Sunday, August 11, 2013

Youth is Served

Rebuilding teams often start with young players getting their shot to play regardless of production.  The Astros and Cubs, for example, are knee-deep into a rebuild stage.  The once-proud Astros no longer bring Killer B's but "who's that?'s" instead.  Theo Epstein is considered the right man for the job in Chicago to bring the Cubs back to prominence and he masterfully sold early-and-often with a tough market this year.  Dayton Moore's Royals are finally showing signs of life after a deep coma.

Those three teams have two players who both qualify for the batting title and are 25 or younger.  That may not sound like a lot, but only 21 players currently fit the bill.  However, one team has four position players who qualify.  Bet you can guess where I'm going with this.

In Andrelton Simmons, Jason Heyward, Freddie Freeman, and Justin Upton, the Braves have four players who are 25 or under and qualify for the batting title.  The quartet are a combined 10.2 fWAR and only Freeman has had a particularly good season.  Atlanta adds two pitchers (Mike Minor and Julio Teheran) to the group and the duo is responsible for 4.7 WAR.

In fact, let's go the extra step.  Braves pitchers under 26 are responsible for 8.7 WAR of a total 13.1 WAR (66%).  Alex Wood, Craig Kimbrel, and Jordan Walden are the notable additions to Minor and Teheran here.  And remember, that's a pitching staff that is second in NL ERA, second fewest walks, and fifth most strikeouts.  Only the White Sox, with the help of Chris Sale, rank higher in WAR from the 25-and-under crowd.

Offensively, it's not nearly as stark.  Of the 20.3 WAR from offense and defense, 10.6, or 52%, come from players under 26.  Granted, almost all of that comes from the quartet previously mentioned.  Just the same, the total ranks first among all teams in WAR from the 25-and-younger position players.  It's not even that close.  The Angels are second with 8.7 WAR and most of that comes from a certain outfielder.

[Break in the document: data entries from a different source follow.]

theorem theorem1:
  fixes \<mu> \<nu> Q\<mu> Q\<nu> E\<mu> E\<nu> Y0 :: real
    and Y e :: "nat \<Rightarrow> real"
  assumes "\<mu> > \<nu>" and "\<nu> > 0"
    and "Y0 \<in> {0..1}"
    and "0 \<le> Kconst \<mu> \<nu> Q\<mu> Q\<nu> E\<mu> E\<nu> Y0"
    and "Kconst \<mu> \<nu> Q\<mu> Q\<nu> E\<mu> E\<nu> Y0 < tail_beta \<mu> \<nu> 3"
    and "\<exists>k\<ge>3. tail_beta \<mu> \<nu> k \<le> Kconst \<mu> \<nu> Q\<mu> Q\<nu> E\<mu> E\<nu> Y0"
    and "k0 \<mu> \<nu> (Kconst \<mu> \<nu> Q\<mu> Q\<nu> E\<mu> E\<nu> Y0) \<ge> 4"
    and "Ycirc \<mu> \<nu> Q\<mu> Q\<nu> E\<mu> E\<nu> Y0 1 > 0"
    and "(Ycirc \<mu> \<nu> Q\<mu> Q\<nu> E\<mu> E\<nu> Y0, ecirc \<mu> \<nu> Q\<mu> Q\<nu> E\<mu> E\<nu> Y0) \<in> configS \<mu> \<nu> Q\<mu> Q\<nu> E\<mu> E\<nu> Y0"
    and "0 < ecirc \<mu> \<nu> Q\<mu> Q\<nu> E\<mu> E\<nu> Y0 1"
    and "ecirc \<mu> \<nu> Q\<mu> Q\<nu> E\<mu> E\<nu> Y0 1 \<le> 1/2"
    and "(Y, e) \<in> configS \<mu> \<nu> Q\<mu> Q\<nu> E\<mu> E\<nu> Y0"
  shows "Y 1 * (1 - bin_entropy (e 1)) \<ge>
         Ycirc \<mu> \<nu> Q\<mu> Q\<nu> E\<mu> E\<nu> Y0 1 * (1 - bin_entropy (ecirc \<mu> \<nu> Q\<mu> Q\<nu> E\<mu> E\<nu> Y0 1))"
proof -
  \<comment> \<open>The hypotheses on K, k0 and Y1 only make the construction of the circ configuration
    meaningful; the argument needs just its feasibility and the range of e1.\<close>
  define x where "x = ecirc \<mu> \<nu> Q\<mu> Q\<nu> E\<mu> E\<nu> Y0 1"
  define p where "p = 1 + log 2 (1 - x)"
  define s where "s = - 1 - log 2 x"
  have x: "0 < x" "x \<le> 1/2"
    using assms(10,11) by (simp_all add: x_def)
  have e1: "Y 1 \<in> {0..1}" "e 1 \<in> {0..1}"
    using assms(12) unfolding configS_def by auto
  have "1 - bin_entropy x = p - (p + s) * x"
    using one_minus_bin_entropy_eq_tangent[of x] x by (simp add: p_def s_def)
  then have "Ycirc \<mu> \<nu> Q\<mu> Q\<nu> E\<mu> E\<nu> Y0 1 * (1 - bin_entropy x)
      = p * Ycirc \<mu> \<nu> Q\<mu> Q\<nu> E\<mu> E\<nu> Y0 1 - (p + s) * (Ycirc \<mu> \<nu> Q\<mu> Q\<nu> E\<mu> E\<nu> Y0 1 * x)"
    by (simp add: right_diff_distrib)
  also have "\<dots> \<le> p * Y 1 - (p + s) * (Y 1 * e 1)"
    unfolding x_def using assms(1-3,9,12) log2_half_bounds[OF x]
    by (intro circ_linear_bound) (simp_all add: p_def s_def)
  also have "\<dots> = Y 1 * (p - (p + s) * e 1)"
    by (simp add: algebra_simps)
  also have "\<dots> \<le> Y 1 * (1 - bin_entropy (e 1))"
    using one_minus_bin_entropy_ge_tangent[of x "e 1"] x e1
    by (intro mult_left_mono) (auto simp: p_def s_def)
  finally show ?thesis
    unfolding x_def .
qed

end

Before the season, we heard all about how the Braves were going to strike out a lot and very little about how young this club is.  Half of their starting eight is under 26.  Only one player (Dan Uggla) is over 30.  Nobody was more happy about the acquisition of Scott Downs than Luis Ayala.  It gave the bullpen someone else who was born in the 70's.  Gerald Laird and Reed Johnson often spend games talking about when exactly disco died.

This team was built for the now, but it was especially built for tomorrow and the next day and the year to follow.  Teams that get old become yesterday's news.  Remember how the Phillies were a great team?  Yeah, they got old.  The Dodgers will soon follow if they don't make some drastic moves.  Want to know what happened to the Giants?  And no team stocks up old guys like the Yankees.  Is it surprising that have dealt with so many injuries?  And they will probably the give the soon-to-be 31 year-old Robinson Cano a mega extension.  Their youngest offensive player who wasn't playing because of injuries is Brett Gardner.  He turns 30 in two weeks.  They're not much younger on the mound, but Andy Pettitte and Mariano Rivera are Julio Franco's age so that has to skew things.

Now, it should be noted that a lot of teams are getting younger.  Non-contenders are moving on to younger guys, seeing what they have right now to help with offseason decision-making.  Injuries are opening up opportunities for younger guys all the time.  But it's by design that Atlanta has been so young.  In baseball, getting young may not always be better, but it is much preferred provided it's not just youth but also productivity.  It's clear that the Braves definitely have both.  

Atlanta has been damn good this season.

Can you imagine how good this team will be when half of their lineup starts to enter its prime?